Conquistador de la cámara, ese rostro de mirado profunda y con la silueta de “El ciudadano honrado y perfecto” causaban cierta hipnosis en la industria y audiencia, las cuales cayeron rendidas de manera inmediata ante su talento convirtiéndolo en uno de los símbolos actorales y de mayor éxito de taquilla. Pero aunque la imagen dista de la realidad (fuera de cámaras era conocido por ser arrogante y grosero), su indiscutible talento fue uno de los activos mejores cotizados por Hollywood, pues los directores sabían que Fonda no solo les permitiría avanzar con mayor solvencia y rapidez sus proyectos (era conocido por sacar sus escenas en sola toma), sino que también en él encontrarían al mejor socio artístico al encausar actuaciones memorables en una variada estela de géneros; Ford, King, Leone, Lumet, Wyler, entre muchos otros, así se convirtieron en los alcahuetes perfectos al llevar a ese arrogante ser a varios de los mejores papeles dramáticos y humanamente cautivadores del cine.

Con 2 Oscar, dos Globos y un BAFTA de entre sus 17 premios conseguidos a través de 60 años y 124 trabajos entre el cine y la televisión, recordamos a una de las mayores figuras dentro del western y drama estadounidense con sus 5 Mejores Películas.

 

5 – The Ox-Bow Incident (A. Wellman, 1942)

Un suceso en la transición tarde – noche, da como resultado una adaptación perfecta de solo 70 minutos, donde una turba decide el linchamiento de 3 supuestos asesinos al enterarse de un crimen.
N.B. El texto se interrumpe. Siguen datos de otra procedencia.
(* There is a constant $C$ independent of $n$ such that $$\mathbb E\big(\|\delta\mathcal T^\xi\|^2\big)\le C\,(\log n+1)\,n^{-3}.$$
   Context: Let $\Omega=[x_L,x_R]$ be a bounded interval. Let $\sigma_T,\sigma_S$ be continuous on $\Omega$ with $0<\sigma_S<\sigma_T$; $\lambda=\|\sigma_S/\sigma_T\|_\infty\in(0,1)$, $\sigma_r=\sigma_S/\lambda$. $L^2(\sigma_T)$ is $L^2(\Omega)$ with inner product $\langle f,g\rangle=\int_{x_L}^{x_R}fg\,\sigma_T\,dx$; operator norms refer to this space. For $\mu\in[-1,1]\setminus\{0\}$, $\mathcal A_\mu$ maps $\phi$ to the solution $\psi$ of $\mu\psi'+\sigma_T\psi=\sigma_r\phi$ on $\Omega$ with $\psi(x_L)=0$ if $\mu>0$, $\psi(x_R)=0$ if $\mu<0$; explicitly $(\mathcal A_\mu\phi)(x)=\int k_\mu(x,y)\phi(y)\sigma_T(y)dy$ with $k_\mu(x,y)=\frac1\mu\mathbb 1_{y\le x}e^{-\frac1\mu\int_y^x\sigma_T}\frac{\sigma_r(y)}{\sigma_T(y)}$ ($\mu>0$), $k_\mu(x,y)=-\frac1\mu\mathbb 1_{y\ge x}e^{\frac1\mu\int_x^y\sigma_T}\frac{\sigma_r(y)}{\sigma_T(y)}$ ($\mu<0$). Truncated velocity set: fix $\delta\in(0,1)$, $S=[-1,-\delta)\cup(\delta,1]$, $\fint_S=\frac1{|S|}\int_S$. Let $n=2m$; partition $[-1,-\delta)$ into intervals $S_1,\dots,S_m$, $S_{n+1-\ell}=-S_\ell$; for $\ell\le m$, $\mu_\ell$ independent and uniform on $S_\ell$, $\mu_{n+1-\ell}=-\mu_\ell$. $\omega_\ell=|S_\ell|/|S|$, $\alpha_\ell=n\omega_\ell$, and $\alpha_\ell\le\bar\alpha$ for all $\ell,n$ with $\bar\alpha$ independent of $n$. $\mathcal T=\fint_S\mathcal A_\mu d\mu$, $\mathcal T^\xi=\sum_{\ell=1}^n\omega_\ell\mathcal A_{\mu_\ell}$, and $\delta\mathcal T^\xi=\mathcal T^\xi-\mathcal T$. $\mathbb E$ is expectation over the random ordinates. *)

theory Defs
  imports "HOL-Analysis.Analysis"
begin

text \<open>Parameters: domain [xL,xR], total cross section sT, scattering cross section sS.\<close>

definition lam :: "real \<Rightarrow> real \<Rightarrow> (real \<Rightarrow> real) \<Rightarrow> (real \<Rightarrow> real) \<Rightarrow> real" where
  "lam xL xR sT sS = (SUP x\<in>{xL..xR}. sS x / sT x)"

definition sigr :: "real \<Rightarrow> real \<Rightarrow> (real \<Rightarrow> real) \<Rightarrow> (real \<Rightarrow> real) \<Rightarrow> real \<Rightarrow> real" where
  "sigr xL xR sT sS y = sS y / lam xL xR sT sS"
Esta espléndida cinta se encargó de contradecir los estatutos del western de acción y aventuras forjados por Ford, demostrando el poder de su narrativa en un enfoque dramático. El incidente no solo prescinde de los grandes parajes para transformarlos en un par de espacios donde la acción se desarrollará, sino también introduce personajes más complejos con valores retorcidos y cuestionables. Un relato sombrío que enfrenta la conciencia del hombre contra sus actos y en donde Fonda aprovecha su crecimiento dramático para llevar a cabo un protagónico solvente y perfectamente diluido dentro de esta turba que simboliza la degradación e hipocresía.

 

4 – Once Upon a Time in the West (Leone, 1968)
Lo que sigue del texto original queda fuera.